There seems to be a noticeable increase right at 7 vertices. Does this mean that my vertex cache is 6 vertices?

ps. first post in forums.

Inertia's picture

Welcome Stevo,

and thank you for posting the result. Like Fiddler's ATi card, your effective Vertex Cache would be 12 too.
This could mean that your true Vertex Cache size is 32, but 20 Vertex Units are inserting new Vertices parallel into the Cache, decreasing the effective size because of the new Vertices added. This is not a bad thing, especially when rendering objects that share very little or no Vertices (e.g Particle Systems) your graphics card will probably exceed any other card that relies on using the Vertex Cache.
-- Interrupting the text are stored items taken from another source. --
lemma conj_diag_mat_innovation:
  fixes T Ti A S :: "real^'n^'n"
  assumes TiT: "Ti ** T = mat 1" and A: "A = T ** diag_mat lam ** Ti"
    and S: "S = T ** diag_mat (\<lambda>_. 1) ** transpose T"
  shows "S - A ** S ** transpose A = T ** diag_mat (\<lambda>i. 1 - (lam i)\<^sup>2) ** transpose T"
proof -
  have "transpose T ** transpose Ti = mat 1"
    by (metis TiT matrix_transpose_mul transpose_mat)
  moreover have "A ** S ** transpose A =
      T ** diag_mat lam ** (Ti ** T) ** (transpose T ** transpose Ti) ** diag_mat lam ** transpose T"
    unfolding A S by (simp add: matrix_transpose_mul diag_mat_1 matrix_mul_assoc)
  ultimately have "A ** S ** transpose A = T ** diag_mat (\<lambda>i. (lam i)\<^sup>2) ** transpose T"
    by (simp add: TiT diag_mat_mult_diag_mat[symmetric] power2_eq_square matrix_mul_assoc)
  moreover have "diag_mat (\<lambda>i. 1 - (lam i)\<^sup>2) = diag_mat (\<lambda>_. 1) - diag_mat (\<lambda>i. (lam i)\<^sup>2)"
    by (simp add: diag_mat_def vec_eq_iff)
  ultimately show ?thesis
    using S by (simp add: matrix_mul_diff_left matrix_mul_diff_right)
qed

locale gaussian_ar_chain =
  fixes A S P :: "real^'n^'n" and lam :: "'n \<Rightarrow> real"
  assumes posdef_S: "posdef S"
    and posdef_V: "posdef (S - A ** S ** transpose A)"
    and orthogonal_P: "orthogonal_matrix P"
    and conj_A: "matrix_inv (spd_sqrt S) ** A ** spd_sqrt S = P ** diag_mat lam ** transpose P"
begin

definition V :: "real^'n^'n" where "V = S - A ** S ** transpose A"

text \<open>The coordinates \<open>z = B\<^sup>-\<^sup>1 x = P\<^sup>T \<Sigma>\<^sup>-\<^sup>1\<^sup>/\<^sup>2 x\<close> of the statement, in which \<open>A\<close>, \<open>\<Sigma>\<close> and
  \<open>V\<close> all become diagonal.\<close>
definition B :: "real^'n^'n" where "B = spd_sqrt S ** P"
definition B_inv :: "real^'n^'n" where "B_inv = transpose P ** matrix_inv (spd_sqrt S)"
(* Let $A\subset\mathbb{N}$. Suppose there exist a Følner sequence $\Phi$ in $\mathbb{N}$, a set $L\subset\mathbb{N}$ and $\epsilon>0$ such that $\mathsf{d}_\Phi\big((A-m)\cap L\big)$ exists for every $m\in\mathbb{N}$, and such that for every finite subset $F\subset L$ the set $$\bigcap_{\ell\in F}(A-\ell)\ \cap\ \Big\{m\in\mathbb{N}:\mathsf{d}_\Phi\big((A-m)\cap L\big)>\epsilon\Big\}$$ is infinite. Then there exist infinite sets $B,C\subset\mathbb{N}$ such that $B+C\subset A$.
   Context: A Følner sequence in $\mathbb{N}$ is a sequence $\Phi\colon N\mapsto\Phi_N$ of finite non-empty subsets of $\mathbb{N}$ with $|(\Phi_N+m)\triangle\Phi_N|/|\Phi_N|\to0$ for all $m\in\mathbb{N}$. For $E\subset\mathbb{N}$, $\mathsf{d}_\Phi(E)=\lim_{N\to\infty}|E\cap\Phi_N|/|\Phi_N|$ when the limit exists. For $m\in\mathbb{N}$, $A-m=\{n\in\mathbb{N}:n+m\in A\}$. *)

theory Defs
  imports "HOL-Analysis.Analysis"
begin

text \<open>Convention: the paper's N is the set of positive integers, modelled as
  the subset {1..} of nat.\<close>

abbreviation Npos :: "nat set" where "Npos \<equiv> {1..}"

definition folner :: "(nat \<Rightarrow> nat set) \<Rightarrow> bool" where
  "folner \<Phi> \<longleftrightarrow>
     (\<forall>N. finite (\<Phi> N) \<and> \<Phi> N \<noteq> {} \<and> \<Phi> N \<subseteq> Npos) \<and>
     (\<forall>m\<in>Npos. (\<lambda>N. real (card (((\<lambda>x. x + m) ` \<Phi> N) - \<Phi> N \<union> (\<Phi> N - ((\<lambda>x. x + m) ` \<Phi> N))))
                     / real (card (\<Phi> N))) \<longlonglongrightarrow> 0)"

definition dens_seq :: "(nat \<Rightarrow> nat set) \<Rightarrow> nat set \<Rightarrow> nat \<Rightarrow> real" where
  "dens_seq \<Phi> E N = real (card (E \<inter> \<Phi> N)) / real (card (\<Phi> N))"

definition density_exists :: "(nat \<Rightarrow> nat set) \<Rightarrow> nat set \<Rightarrow> bool" where
  "density_exists \<Phi> E \<longleftrightarrow> convergent (dens_seq \<Phi> E)"

definition density :: "(nat \<Rightarrow> nat set) \<Rightarrow> nat set \<Rightarrow> real" where
  "density \<Phi> E = lim (dens_seq \<Phi> E)"

definition shiftset :: "nat set \<Rightarrow> nat \<Rightarrow> nat set" where
  "shiftset A m = {n \<in> Npos. n + m \<in> A}"

end

theory Submission
  imports Defs
begin

(* Let x be a cluster point, in the product topology, of the sampling functionals
   E |-> |E \<inter> Phi_N| / |Phi_N|. It vanishes on finite sets, agrees with the density
   wherever that exists, and inherits from Cauchy-Schwarz the second moment inequality
   (sum_j x(F_j))^2 <= sum_(a,b) x(F_a \<inter> F_b). Hence, among infinitely many sets of
   x-mass >= delta, one meets infinitely many of the others in mass > delta^2/2.
   Choose beta_k >= k in the set of the hypothesis for F = L \<inter> [1,k]: the sets
   E_k = (A - beta_k) \<inter> L have mass >= epsilon and contain L \<inter> [1,k]. Refining
   intersections of them repeatedly gives k_1 < k_2 < ... and c_1 < c_2 < ... with c_j in
   every E_(k_i), and then B = {beta_(k_i)} and C = {c_j} work. *)

lemma sum_card_Int_squared_le:
  fixes F :: "'b \<Rightarrow> 'a set"
  assumes "finite P"
  shows "(\<Sum>j\<in>S. real (card (F j \<inter> P)))\<^sup>2
           \<le> real (card P) * (\<Sum>a\<in>S. \<Sum>b\<in>S. real (card (F a \<inter> F b \<inter> P)))"
proof -
  define g where "g y = (\<Sum>j\<in>S. indicator (F j) y :: real)" for y
  have card_eq: "real (card (G \<inter> P)) = (\<Sum>y\<in>P. indicator G y)" for G
    using assms by (subst Int_commute) (simp add: indicator_def sum.If_cases Int_def)
  have linear: "(\<Sum>j\<in>S. real (card (F j \<inter> P))) = (\<Sum>y\<in>P. g y)"
    unfolding card_eq g_def by (rule sum.swap)
  have "(\<Sum>a\<in>S. \<Sum>b\<in>S. real (card (F a \<inter> F b \<inter> P)))
      = (\<Sum>a\<in>S. \<Sum>b\<in>S. \<Sum>y\<in>P. indicator (F a) y * indicator (F b) y)"
    unfolding card_eq indicator_inter_arith ..
  also have "\<dots> = (\<Sum>a\<in>S. \<Sum>y\<in>P. \<Sum>b\<in>S. indicator (F a) y * indicator (F b) y)"
    by (intro sum.cong refl sum.swap)
  also have "\<dots> = (\<Sum>y\<in>P. (g y)\<^sup>2)"
    unfolding g_def power2_eq_square sum_product by (rule sum.swap)
  finally show ?thesis
    using sum_squared_le_sum_of_squares[of g P] by (simp add: linear mult.commute)
qed

lemma dens_seq_nonneg: "0 \<le> dens_seq \<Phi> E N"
  by (simp add: dens_seq_def)

lemma dens_seq_le_1: "dens_seq \<Phi> E N \<le> 1"
proof (cases "finite (\<Phi> N)")
  case True
  then have "card (E \<inter> \<Phi> N) \<le> card (\<Phi> N)"
    by (intro card_mono) auto
  then show ?thesis
    by (cases "card (\<Phi> N) = 0") (simp_all add: dens_seq_def divide_le_eq_1)
qed (simp add: dens_seq_def)

lemma dens_seq_sum_squared_le:
  "(\<Sum>j\<in>S. dens_seq \<Phi> (F j) N)\<^sup>2 \<le> (\<Sum>a\<in>S. \<Sum>b\<in>S. dens_seq \<Phi> (F a \<inter> F b) N)"
proof (cases "card (\<Phi> N) = 0")
  case False
  define n where "n = real (card (\<Phi> N))"
  have n: "n > 0" using False by (simp add: n_def)
  have "(\<Sum>j\<in>S. dens_seq \<Phi> (F j) N)\<^sup>2 = (\<Sum>j\<in>S. real (card (F j \<inter> \<Phi> N)))\<^sup>2 / n\<^sup>2"
    by (simp add: dens_seq_def n_def sum_divide_distrib[symmetric] power_divide)
  also have "\<dots> \<le> n * (\<Sum>a\<in>S. \<Sum>b\<in>S. real (card (F a \<inter> F b \<inter> \<Phi> N))) / n\<^sup>2"
    using False n unfolding n_def
    by (intro divide_right_mono sum_card_Int_squared_le) (auto intro: card_ge_0_finite)
  also have "\<dots> = (\<Sum>a\<in>S. \<Sum>b\<in>S. dens_seq \<Phi> (F a \<inter> F b) N)"
    using n by (simp add: dens_seq_def n_def sum_divide_distrib[symmetric] power2_eq_square)
  finally show ?thesis .
qed (simp add: dens_seq_def)

definition density_cluster :: "(nat \<Rightarrow> nat set) \<Rightarrow> (nat set \<Rightarrow> real) \<Rightarrow> bool" where
  "density_cluster \<Phi> x \<longleftrightarrow>
     (\<forall>C. closed C \<longrightarrow> (\<forall>\<^sub>F N in sequentially. (\<lambda>E. dens_seq \<Phi> E N) \<in> C) \<longrightarrow> x \<in> C)"

lemma compact_sequence_cluster_point:
  assumes "compact K" "\<And>n. f n \<in> K"
  shows "\<exists>x\<in>K. \<forall>C. closed C \<longrightarrow> (\<forall>\<^sub>F n in sequentially. f n \<in> C) \<longrightarrow> x \<in> C"
proof -
  have "filtermap f sequentially \<noteq> bot" "\<forall>\<^sub>F y in filtermap f sequentially. y \<in> K"
    using assms(2) by (simp_all add: filtermap_bot_iff eventually_filtermap)
  then obtain x where x: "x \<in> K" "inf (nhds x) (filtermap f sequentially) \<noteq> bot"
    using assms(1) unfolding compact_filter by blast
  have "x \<in> C" if C: "closed C" "\<forall>\<^sub>F n in sequentially. f n \<in> C" for C
  proof (rule ccontr)
    assume "x \<notin> C"
    then have "\<forall>\<^sub>F y in nhds x. y \<in> - C"
      using C(1) by (intro eventually_nhds_in_open) auto
    moreover have "\<forall>\<^sub>F y in filtermap f sequentially. y \<in> C"
      using C(2) by (simp add: eventually_filtermap)
    ultimately have "\<forall>\<^sub>F y in inf (nhds x) (filtermap f sequentially). False"
      unfolding eventually_inf by (intro exI[of _ "\<lambda>y. y \<in> - C"] exI[of _ "\<lambda>y. y \<in> C"]) auto
    with x(2) show False by (simp add: eventually_False)
  qed
  then show ?thesis
    using x(1) by blast
qed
I've looked this up, and it seems like ATi cards are using the same memory for L1 Texture Cache and Vertex Cache. Would you please make another profile run with Texture2D disabled? (Hotkey Q). Also make sure the driver does not enforce Anti-Alias/Anisotropy/Tru-form, especially the last could be responsible for these low values (insert new Vertices that aren't considered by the profiling).

Thanks!

the Fiddler.'s picture

Welcome Stevo14 :)

I reran the tests with the default window and, sure enough, the results became a little clearer.
With textures:

Profiling Log for Radeon X1950 Pro (2.0.6956 Release)
 
Window Size 512 x 512
Max. allowed Verts: 100000 Radius: 0,15 P: 6 Q: 1
 
4 Verts per Ring. 1,038ms averaged per draw.
5 Verts per Ring. 1,002ms averaged per draw.
6 Verts per Ring. 1,035ms averaged per draw.
7 Verts per Ring. 1,268ms averaged per draw.
8 Verts per Ring. 1,267ms averaged per draw.
9 Verts per Ring. 1,264ms averaged per draw.
10 Verts per Ring. 1,248ms averaged per draw.
[...]

Without:

Profiling Log for Radeon X1950 Pro (2.0.6956 Release)
 
Window Size 512 x 512
Max. allowed Verts: 100000 Radius: 0,15 P: 6 Q: 1
 
4 Verts per Ring. 0,809ms averaged per draw.
5 Verts per Ring. 0,760ms averaged per draw.
6 Verts per Ring. 0,735ms averaged per draw.
7 Verts per Ring. 0,895ms averaged per draw.
8 Verts per Ring. 0,898ms averaged per draw.
9 Verts per Ring. 0,895ms averaged per draw.
10 Verts per Ring. 0,899ms averaged per draw.
[...]

Disabling textures doesn't seem to affect the effective size of the cache. I'll run the test on a couple of nv40 and g70 cards, to have something to compare against.

Inertia's picture

Thank you, this clarifies at least the connection between vertex and texture cache. It seems like your card's effective cache is really 12, drawing a ring with 7 vertices is 120% the time compared to 6 verts.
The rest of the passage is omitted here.